More from the trove of replies I received from my newsletter readers about their challenges with entrepreneurship:

At this time in my life, I am still having the itch to be an entrepreneur. I have to say my biggest challenge is the time commitment required to own a business. As a single mother, right now the 40 hour week seems much better in terms of the amount of time I can have with my kids rather than a commitment to owning a business.

It’s refreshing to hear someone say that. We are a society of itch-scratchers. If we have the slightest inkling to do something, we can’t restrain ourselves. At least until very recently, ours has not been a culture of postponing anything until the right time. We dive in whether we have the long-term resources, reserves and backup plans. We forget there are only 24 hours in a day and that it’s perfectly okay, in fact laudable, to work at a regular job, nine to five, with vacation and benefits. And take care of our kids. Not everyone should be in their own business.

Recently, I was updating my contact database and asked my newsletter recipients to answer a question along with giving me their mailing info. The question was, “What is the biggest challenge you faced when making (or thinking about) the transition from being an executive to being an entrepreneur?”

I got a whole bunch of interesting answers. Several related to how to monetize one’s skill.

The biggest challenge when making the transition from executive to entrepreneur was conquering the financial negotiations that come along with consulting and being able to attach a monetary value to a service. I know there is documentation out there that women have trouble asking for raises etc. and I assume it may have stemmed from that. Thankfully, I have smart confidants/friends and one in particular  who said “What is the worst that can happen – the client will say no or give you a number they are more comfortable with. Ask for what you think you deserve.” And in my 7 years of consulting, no clients have ever balked at my fees or my contract.

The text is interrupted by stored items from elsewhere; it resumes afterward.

lemma nn_integral_le_if_birkhoff_sum_le:
  fixes h :: "'a \<Rightarrow> real"
  assumes "prob_space \<mu>" and T: "T \<in> \<mu> \<rightarrow>\<^sub>M \<mu>" and inv: "distr \<mu> \<mu> T = \<mu>"
    and h: "h \<in> borel_measurable \<mu>" and nonneg: "\<And>y. 0 \<le> h y"
    and bound: "\<And>n y. (\<Sum>i<n. h ((T ^^ i) y)) \<le> a * real n + b"
  shows "(\<integral>\<^sup>+y. ennreal (h y) \<partial>\<mu>) \<le> ennreal a"
proof -
  have multiple: "of_nat n * (\<integral>\<^sup>+y. ennreal (h y) \<partial>\<mu>) \<le> ennreal (a * real n + b)" for n
  proof -
    have "of_nat n * (\<integral>\<^sup>+y. ennreal (h y) \<partial>\<mu>) = (\<Sum>i<n. \<integral>\<^sup>+y. ennreal (h ((T ^^ i) y)) \<partial>\<mu>)"
      using nn_integral_funpow_invariant[OF T inv, of "\<lambda>y. ennreal (h y)"] h by simp
    also have "\<dots> = (\<integral>\<^sup>+y. (\<Sum>i<n. ennreal (h ((T ^^ i) y))) \<partial>\<mu>)"
      using measurable_compose[OF measurable_compose_n[OF T] h]
      by (intro nn_integral_sum[symmetric]) (simp add: comp_def)
    also have "\<dots> \<le> (\<integral>\<^sup>+y. ennreal (a * real n + b) \<partial>\<mu>)"
      by (intro nn_integral_mono) (simp add: sum_ennreal nonneg bound ennreal_leI)
    also have "\<dots> = ennreal (a * real n + b)"
      using prob_space.emeasure_space_1[OF \<open>prob_space \<mu>\<close>] by simp
    finally show ?thesis .
  qed
  from multiple[of 1] obtain X where X: "(\<integral>\<^sup>+y. ennreal (h y) \<partial>\<mu>) = ennreal X" "0 \<le> X"
    by (cases "\<integral>\<^sup>+y. ennreal (h y) \<partial>\<mu>" rule: ennreal_cases) (auto simp: top_unique)
  have multiple_real: "real n * X \<le> a * real n + b" for n
  proof -
    have "0 \<le> (\<Sum>i<n. h ((T ^^ i) undefined))" by (simp add: sum_nonneg nonneg)
    also note bound
    finally have "0 \<le> a * real n + b" .
    moreover have "ennreal (real n * X) \<le> ennreal (a * real n + b)"
      using multiple[of n] X by (simp add: ennreal_mult ennreal_of_nat_eq_real_of_nat)
    ultimately show ?thesis by (simp add: ennreal_le_iff)
  qed
  have "X \<le> a"
  proof (rule ccontr)
    assume "\<not> X \<le> a"
    then have "0 < X - a" by simp
    obtain n where "b / (X - a) < real n" using reals_Archimedean2 by blast
    with \<open>0 < X - a\<close> have "b < real n * (X - a)" by (simp add: pos_divide_less_eq mult.commute)
    with multiple_real[of n] show False by (simp add: algebra_simps)
  qed
  then show ?thesis unfolding X(1) by (rule ennreal_leI)
qed

lemma sum_le_linear_if_limsup_average_finite:
  fixes g :: "nat \<Rightarrow> real"
  assumes nonneg: "\<And>i. 0 \<le> g i" and "limsup (\<lambda>n. ereal ((\<Sum>i<n. g i) / real n)) < \<infinity>"
  obtains A where "\<forall>n. (\<Sum>i<n. g i) \<le> A * real n"
proof -
  obtain B where "limsup (\<lambda>n. ereal ((\<Sum>i<n. g i) / real n)) < ereal B"
    using ereal_dense2[OF assms(2)] by blast
  then have "\<forall>\<^sub>F n in sequentially. ereal ((\<Sum>i<n. g i) / real n) < ereal B"
    by (rule Limsup_lessD)
  then obtain N where N: "\<And>n. N \<le> n \<Longrightarrow> (\<Sum>i<n. g i) / real n < B"
    by (auto simp: eventually_sequentially)
  define A where "A = max B 0 + (\<Sum>i<N. g i)"
  have A: "0 \<le> A" "B \<le> A" "(\<Sum>i<N. g i) \<le> A"
    using sum_nonneg[of "{..<N}" g] nonneg by (auto simp: A_def)
  have "(\<Sum>i<n. g i) \<le> A * real n" if "n \<noteq> 0" for n
  proof (cases "N \<le> n")
    case True
    then have "(\<Sum>i<n. g i) \<le> B * real n"
      using N[OF True] that by (simp add: divide_less_eq less_imp_le)
    also have "\<dots> \<le> A * real n" using A(2) by (rule mult_right_mono) simp
    finally show ?thesis .
  next
    case False
    then have "(\<Sum>i<n. g i) \<le> (\<Sum>i<N. g i)"
      using nonneg by (intro sum_mono2) auto
    also have "\<dots> \<le> A" by (rule A(3))
    also have "\<dots> \<le> A * real n" using A(1) that by (simp add: mult_le_cancel_left1)
    finally show ?thesis .
  qed
  then have "(\<Sum>i<n. g i) \<le> A * real n" for n by (cases "n = 0") auto
  then show ?thesis using that by blast
qed

lemma ex_least_le_geometric:
  fixes d :: "nat \<Rightarrow> real"
  assumes "0 < r" and "\<And>j. d j \<le> C"
  obtains m where "d m \<le> 2 ^ m * r" "\<And>i. i < m \<Longrightarrow> 2 ^ i * r < d i"
proof -
  obtain n where "C / r < 2 ^ n" using real_arch_pow[of 2 "C / r"] by auto
  with \<open>0 < r\<close> have "C < 2 ^ n * r" by (simp add: pos_divide_less_eq)
  with assms(2)[of n] have "d n \<le> 2 ^ n * r" by simp
  then obtain m where "d m \<le> 2 ^ m * r" "\<forall>i<m. \<not> d i \<le> 2 ^ i * r"
    using ex_least_nat_le[of "\<lambda>j. d j \<le> 2 ^ j * r"] by blast
  with that show ?thesis by (auto simp: not_le)
qed

lemma abs_cos_le_abs_cos_add_abs_sin:
  fixes x s :: real
  shows "\<bar>cos x\<bar> \<le> \<bar>cos (x + s)\<bar> + \<bar>sin s\<bar>"
proof -
  have "cos x = cos (x + s) * cos s + sin (x + s) * sin s"
    using cos_diff[of "x + s" s] by simp
  then have "\<bar>cos x\<bar> \<le> \<bar>cos (x + s)\<bar> * \<bar>cos s\<bar> + \<bar>sin (x + s)\<bar> * \<bar>sin s\<bar>"
    by (metis abs_mult abs_triangle_ineq)
  also have "\<dots> \<le> \<bar>cos (x + s)\<bar> + \<bar>sin s\<bar>"
    by (intro add_mono mult_right_le_one_le mult_left_le_one_le abs_cos_le_one abs_sin_le_one abs_ge_zero)
  finally show ?thesis .
qed

lemma abs_cos_add_int_times_pi: "\<bar>cos (x + pi * of_int k)\<bar> = \<bar>cos x\<bar>"
proof -
  have "sin (pi * of_int k) = 0" "sin (- (pi * of_int k)) = 0"
    using sin_times_pi_eq_0[of "of_int k"] by (simp_all add: mult.commute)
  then show ?thesis
    using abs_cos_le_abs_cos_add_abs_sin[of x "pi * of_int k"]
      abs_cos_le_abs_cos_add_abs_sin[of "x + pi * of_int k" "- (pi * of_int k)"]
    by simp
qed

This is a useful lesson on many levels.

1. It’s natural for new entrepreneurs to undervalue what they charge for services.  So many people charge based on their costs and not the value of what they provide. I have coached many people who doubled or tripled their income once they understood the intrinsic value of their service to their customers. Thinking of what the client’s outcomes are–in terms of the time they can afford to devote to seeking out a reliable service provider, the savings they can achieve by using you, the revenue they will be able to generate based on what your skill allows them to do–will help you feel confident in charging a price that properly and lucratively compensates you.

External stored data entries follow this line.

(* Consider the CSMA scheduler described in the context, and assume time-scale separation, i.e. at the first slot $t=nT$ of every super slot $n\ge 0$ the link schedule produced by the scheduler is distributed according to the stationary distribution of the Markov chain it induces for the current (fixed) weights. Let $0<\theta,\delta<1$ and let $\Phi_3^*(t)=\max\Phi_3(t)$, the maximum being over all feasible $(x_i(t),\mu_{mi}(t))$. If $$\Phi_3^*(t)\geq \frac{1}{\theta}\Big(|\mathcal{E}|\log 2+\log\frac{1}{\delta}\Big),$$ then at any slot $t=nT$, $n\ge 0$, with probability greater than $1-\delta$ the scheduler produces a schedule $\mu_{mi}(t)$ with $$\Phi_3(t)\geq (1-\theta)\,\Phi_3^*(t).$$
   Context: Setting: link set $\mathcal{E}$, each link $i$ with interference set $\mathcal{C}_i$; job types $\mathcal{M}$ with sizes $s_m$, $s^{max}=\max_m s_m$; nonnegative queue values $Q_{mi}(t),Z_{mi}(t)$ for $m\in\mathcal{M},i\in\mathcal{E}$. A feasible decision is $x_i(t)\in\{0,1\}$ with $x_i(t)+x_j(t)\le 1$ for all $j\in\mathcal{C}_i$, and $\mu_{mi}(t)\in\{0,1\}$ with $\sum_m\mu_{mi}(t)=x_i(t)$. Define $\Phi_3(t)=\sum_{m\in\mathcal{M}}\sum_{i\in\mathcal{E}}\mu_{mi}(t)\,[Q_{mi}(t)+Z_{mi}(t)]$, link weights $w_i(t)=\max_m\{Q_{mi}(t)+Z_{mi}(t)\}$ and $p_i=e^{w_i(t)}/(1+e^{w_i(t)})$. CSMA scheduler: time is divided into super slots of $T\ge s^{max}$ slots. At $t=nT$: (control phase) each link $i$ picks $T_i$ uniformly from $\{0,\dots,W-1\}$ (mini-slots); if it hears an INTENT message from a link in $\mathcal{C}_i$ before mini-slot $T_i+1$ it sets $z_i(t)=0$, otherwise it broadcasts INTENT at mini-slot $T_i+1$ and sets $z_i(t)=1$ if no collision, $z_i(t)=0$ if collision. (Scheduling phase) if $z_i(t)=0$ then $x_i(t)=x_i(t-1)$; if $z_i(t)=1$ and some $j\in\mathcal{C}_i$ had $x_j(t-1)=1$ then $x_i(t)=0$; otherwise $x_i(t)=1$ with probability $p_i$ and $0$ with probability $1-p_i$. An active link serves (sets $\mu_{mi}=1$ for) a job type maximizing $Q_{mi}(t)+Z_{mi}(t)$. At $t=nT+\tau$, $0<\tau<T$: $x_i(t)=x_i(nT)$; an active link continues an unfinished job of its current type, otherwise starts a job of a type $m$ maximizing $Q_{mi}(t)+Z_{mi}(t)$ among those with $(n+1)T-t\ge s_m$. *)

theory Defs
  imports "HOL-Probability.Probability"
begin

definition weight :: "'m set \<Rightarrow> ('m \<Rightarrow> 'l \<Rightarrow> real) \<Rightarrow> ('m \<Rightarrow> 'l \<Rightarrow> real) \<Rightarrow> 'l \<Rightarrow> real" where
  "weight M Q Z i = Max ((\<lambda>m. Q m i + Z m i) ` M)"

definition act_prob :: "'m set \<Rightarrow> ('m \<Rightarrow> 'l \<Rightarrow> real) \<Rightarrow> ('m \<Rightarrow> 'l \<Rightarrow> real) \<Rightarrow> 'l \<Rightarrow> real" where
  "act_prob M Q Z i = exp (weight M Q Z i) / (1 + exp (weight M Q Z i))"

text \<open>Control phase: broadcasters E C T k = links that have broadcast INTENT in one of
  the mini-slots 1..k (link i broadcasts in mini-slot T i + 1 unless it heard an INTENT
  from an interfering link in an earlier mini-slot).\<close>
primrec broadcasters :: "'l set \<Rightarrow> ('l \<Rightarrow> 'l set) \<Rightarrow> ('l \<Rightarrow> nat) \<Rightarrow> nat \<Rightarrow> 'l set" where
  "broadcasters E C T 0 = {}"
| "broadcasters E C T (Suc k) = broadcasters E C T k \<union>
      {i \<in> E. T i = k \<and> (\<forall>j\<in>C i. j \<notin> broadcasters E C T k)}"

definition decision :: "'l set \<Rightarrow> ('l \<Rightarrow> 'l set) \<Rightarrow> nat \<Rightarrow> ('l \<Rightarrow> nat) \<Rightarrow> 'l \<Rightarrow> bool" where
  "decision E C W T i \<longleftrightarrow>
     (i \<in> broadcasters E C T W \<and> \<not> (\<exists>j\<in>C i. j \<in> broadcasters E C T W \<and> T j = T i))"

2. The idea of “what’s the worst that can happen” is so important. How many times have you negotiated with yourself, rather than letting your client do that work? Rather than just crossing the negotiating bridge when you reach it, many people have an internal conversation with themselves in which their price goes down a bunch before the client ever gets the opening offer. You can’t negotiate up once the client says yes. And it’s perfectly fine to negotiate down if and when necessary.

3. If no one pushes back on price now and then, you may not be charging enough. An old boss of mine in the magazine advertising business used to insist we raise our rates each year up to “the groaning point”–the level at which the customer groans, grunts, screams, or otherwise let’s you know you’ve hit the limit. Not bad advice.

How do you know if you are charging enough? Tips and tricks welcomed.